● What the task asks
Write out the entries below in full, exactly as given.

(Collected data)
(* Let $Q_1,\ldots,Q_m\in\mathbb R^{n\times n}$ be symmetric positive semidefinite, $a_{ij}\in\{-1,0,1\}$, $b_i\in\mathbb R^n$, $c_i\in\mathbb R$ for $i=0,1,\ldots,p$, $j=1,\ldots,m$, and $u_i\in\mathbb R$ for $i=1,\ldots,p$. Let $g_i(x)=\sum_{j=1}^m a_{ij}x^TQ_jx+2b_i^Tx+c_i$ and consider \[ ({\rm QCQP_1})\quad \min_{x\in\mathbb R^n}\ g_0(x)\quad\text{s.t.}\quad g_i(x)\le u_i,\ i=1,\ldots,p. \] Let $J=\{j\in\{1,\ldots,m\}:\ a_{ij}=-1\text{ for some } i\in\{0,1,\ldots,p\}\}$, and consider the convex relaxation \[ ({\rm CR})\quad \min_{x,\,t_j(j\in J)}\ \sum_{j\notin J}a_{0j}x^TQ_jx+\sum_{j\in J}a_{0j}t_j+2b_0^Tx+c_0 \] \[ \text{s.t.}\quad \sum_{j\notin J}a_{ij}x^TQ_jx+\sum_{j\in J}a_{ij}t_j+2b_i^Tx+c_i\le u_i,\ i=1,\ldots,p,\qquad \left\|\begin{pmatrix}Q_j^{1/2}x\\ \frac{t_j-1}{2}\end{pmatrix}\right\|\le\frac{t_j+1}{2},\ j\in J. \] Suppose \[ \max_{j\in J}\ \dim\Big({\rm span}\Big(\{b_1,\ldots,b_p\}\cup\mathcal N(Q_j)\cup\bigcup_{i\in\{1,\ldots,m\},\,i\ne j}\mathcal R(Q_i)\Big)\Big)\le n-1, \] and $v({\rm CR})>-\infty$. Then $({\rm QCQP_1})$ is equivalent to (CR), in the sense that $x^*$ globally solves $({\rm QCQP_1})$ if and only if $(x^*,t^*_j(j\in J)):=(x^*,x^{*T}Q_jx^*(j\in J))$ globally solves (CR).
   Context: $\mathcal N(Q)$ and $\mathcal R(Q)$ denote the null space and range of a matrix $Q$; $Q^{1/2}$ is the positive semidefinite square root; $v(\cdot)$ denotes the optimal value; $\|\cdot\|$ is the Euclidean norm. (QCQP$_1$) is the one-sided case (lower bounds $l_i=-\infty$) of the quadratic program with constraints $l_i\le g_i(x)\le u_i$. *)

theory Defs
  imports "HOL-Analysis.Analysis"
begin
(* Let $p$ be a prime, $d\ge1$, $g\in L^2(\mathbb{Z}_p^d)$ with $\|g\|_2=1$, and $A,B\subseteq\mathbb{Z}_p^d$. Let $E=\operatorname{supp}(g)$ and assume $g(x)$ is a positive real number for every $x\in E$ (so $g\ge 0$ everywhere). Then the Gabor system $\mathcal{G}(g,A,B)$ is an orthonormal basis of $L^2(\mathbb{Z}_p^d)$ if and only if all of the following hold: (i) $g=|E|^{-1/2}1_E$; (ii) $(E,B)$ is a spectral pair; (iii) $(E,A)$ is a tiling pair.
   Context: $\mathbb{Z}_p$ is the field of integers mod a prime $p$, $\mathbb{Z}_p^d$ the $d$-dimensional vector space over it, and $x\cdot b=\sum_i x_ib_i$. $\chi(t)=e^{2\pi i t/p}$ for $t\in\mathbb{Z}_p$. $L^2(\mathbb{Z}_p^d)$ is the space of functions $\mathbb{Z}_p^d\to\mathbb{C}$ with inner product $\langle f,h\rangle=\sum_{x\in\mathbb{Z}_p^d} f(x)\overline{h(x)}$ (counting measure). For $g\in L^2(\mathbb{Z}_p^d)$ and $A,B\subseteq\mathbb{Z}_p^d$, the Gabor system is $\mathcal{G}(g,A,B)=\{x\mapsto g(x-a)\chi(x\cdot b)\}_{a\in A,\ b\in B}$. $\operatorname{supp}(g)=\{x:g(x)\ne0\}$; $1_E$ is the indicator of $E$. A pair $(E,B)$ is a spectral pair if the functions $\{x\mapsto\chi(x\cdot b)\}_{b\in B}$, restricted to $E$, form an orthogonal basis of $L^2(E)$. A pair $(E,A)$ is a tiling pair if $\sum_{a\in A}1_E(x-a)=1$ for all $x\in\mathbb{Z}_p^d$. *)

theory Defs
  imports "HOL-Analysis.Analysis"
begin

text \<open>Z_p^d is modelled as vectors x :: nat => int with 0 <= x i < p for i < d and
  x i = 0 for i >= d. Arithmetic is componentwise mod p.\<close>

definition vecs :: "nat \<Rightarrow> nat \<Rightarrow> (nat \<Rightarrow> int) set" where
  "vecs p d = {x. (\<forall>i<d. 0 \<le> x i \<and> x i < int p) \<and> (\<forall>i\<ge>d. x i = 0)}"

● Output of the task
(* Let $Q_1,\ldots,Q_m\in\mathbb R^{n\times n}$ be symmetric positive semidefinite, $a_{ij}\in\{-1,0,1\}$, $b_i\in\mathbb R^n$, $c_i\in\mathbb R$ for $i=0,1,\ldots,p$, $j=1,\ldots,m$, and $u_i\in\mathbb R$ for $i=1,\ldots,p$. Let $g_i(x)=\sum_{j=1}^m a_{ij}x^TQ_jx+2b_i^Tx+c_i$ and consider \[ ({\rm QCQP_1})\quad \min_{x\in\mathbb R^n}\ g_0(x)\quad\text{s.t.}\quad g_i(x)\le u_i,\ i=1,\ldots,p. \] Let $J=\{j\in\{1,\ldots,m\}:\ a_{ij}=-1\text{ for some } i\in\{0,1,\ldots,p\}\}$, and consider the convex relaxation \[ ({\rm CR})\quad \min_{x,\,t_j(j\in J)}\ \sum_{j\notin J}a_{0j}x^TQ_jx+\sum_{j\in J}a_{0j}t_j+2b_0^Tx+c_0 \] \[ \text{s.t.}\quad \sum_{j\notin J}a_{ij}x^TQ_jx+\sum_{j\in J}a_{ij}t_j+2b_i^Tx+c_i\le u_i,\ i=1,\ldots,p,\qquad \left\|\begin{pmatrix}Q_j^{1/2}x\\ \frac{t_j-1}{2}\end{pmatrix}\right\|\le\frac{t_j+1}{2},\ j\in J. \] Suppose \[ \max_{j\in J}\ \dim\Big({\rm span}\Big(\{b_1,\ldots,b_p\}\cup\mathcal N(Q_j)\cup\bigcup_{i\in\{1,\ldots,m\},\,i\ne j}\mathcal R(Q_i)\Big)\Big)\le n-1, \] and $v({\rm CR})>-\infty$. Then $({\rm QCQP_1})$ is equivalent to (CR), in the sense that $x^*$ globally solves $({\rm QCQP_1})$ if and only if $(x^*,t^*_j(j\in J)):=(x^*,x^{*T}Q_jx^*(j\in J))$ globally solves (CR).
   Context: $\mathcal N(Q)$ and $\mathcal R(Q)$ denote the null space and range of a matrix $Q$; $Q^{1/2}$ is the positive semidefinite square root; $v(\cdot)$ denotes the optimal value; $\|\cdot\|$ is the Euclidean norm. (QCQP$_1$) is the one-sided case (lower bounds $l_i=-\infty$) of the quadratic program with constraints $l_i\le g_i(x)\le u_i$. *)

theory Defs
  imports "HOL-Analysis.Analysis"
begin
(* Let $p$ be a prime, $d\ge1$, $g\in L^2(\mathbb{Z}_p^d)$ with $\|g\|_2=1$, and $A,B\subseteq\mathbb{Z}_p^d$. Let $E=\operatorname{supp}(g)$ and assume $g(x)$ is a positive real number for every $x\in E$ (so $g\ge 0$ everywhere). Then the Gabor system $\mathcal{G}(g,A,B)$ is an orthonormal basis of $L^2(\mathbb{Z}_p^d)$ if and only if all of the following hold: (i) $g=|E|^{-1/2}1_E$; (ii) $(E,B)$ is a spectral pair; (iii) $(E,A)$ is a tiling pair.
   Context: $\mathbb{Z}_p$ is the field of integers mod a prime $p$, $\mathbb{Z}_p^d$ the $d$-dimensional vector space over it, and $x\cdot b=\sum_i x_ib_i$. $\chi(t)=e^{2\pi i t/p}$ for $t\in\mathbb{Z}_p$. $L^2(\mathbb{Z}_p^d)$ is the space of functions $\mathbb{Z}_p^d\to\mathbb{C}$ with inner product $\langle f,h\rangle=\sum_{x\in\mathbb{Z}_p^d} f(x)\overline{h(x)}$ (counting measure). For $g\in L^2(\mathbb{Z}_p^d)$ and $A,B\subseteq\mathbb{Z}_p^d$, the Gabor system is $\mathcal{G}(g,A,B)=\{x\mapsto g(x-a)\chi(x\cdot b)\}_{a\in A,\ b\in B}$. $\operatorname{supp}(g)=\{x:g(x)\ne0\}$; $1_E$ is the indicator of $E$. A pair $(E,B)$ is a spectral pair if the functions $\{x\mapsto\chi(x\cdot b)\}_{b\in B}$, restricted to $E$, form an orthogonal basis of $L^2(E)$. A pair $(E,A)$ is a tiling pair if $\sum_{a\in A}1_E(x-a)=1$ for all $x\in\mathbb{Z}_p^d$. *)

theory Defs
  imports "HOL-Analysis.Analysis"
begin

text \<open>Z_p^d is modelled as vectors x :: nat => int with 0 <= x i < p for i < d and
  x i = 0 for i >= d. Arithmetic is componentwise mod p.\<close>

definition vecs :: "nat \<Rightarrow> nat \<Rightarrow> (nat \<Rightarrow> int) set" where
  "vecs p d = {x. (\<forall>i<d. 0 \<le> x i \<and> x i < int p) \<and> (\<forall>i\<ge>d. x i = 0)}"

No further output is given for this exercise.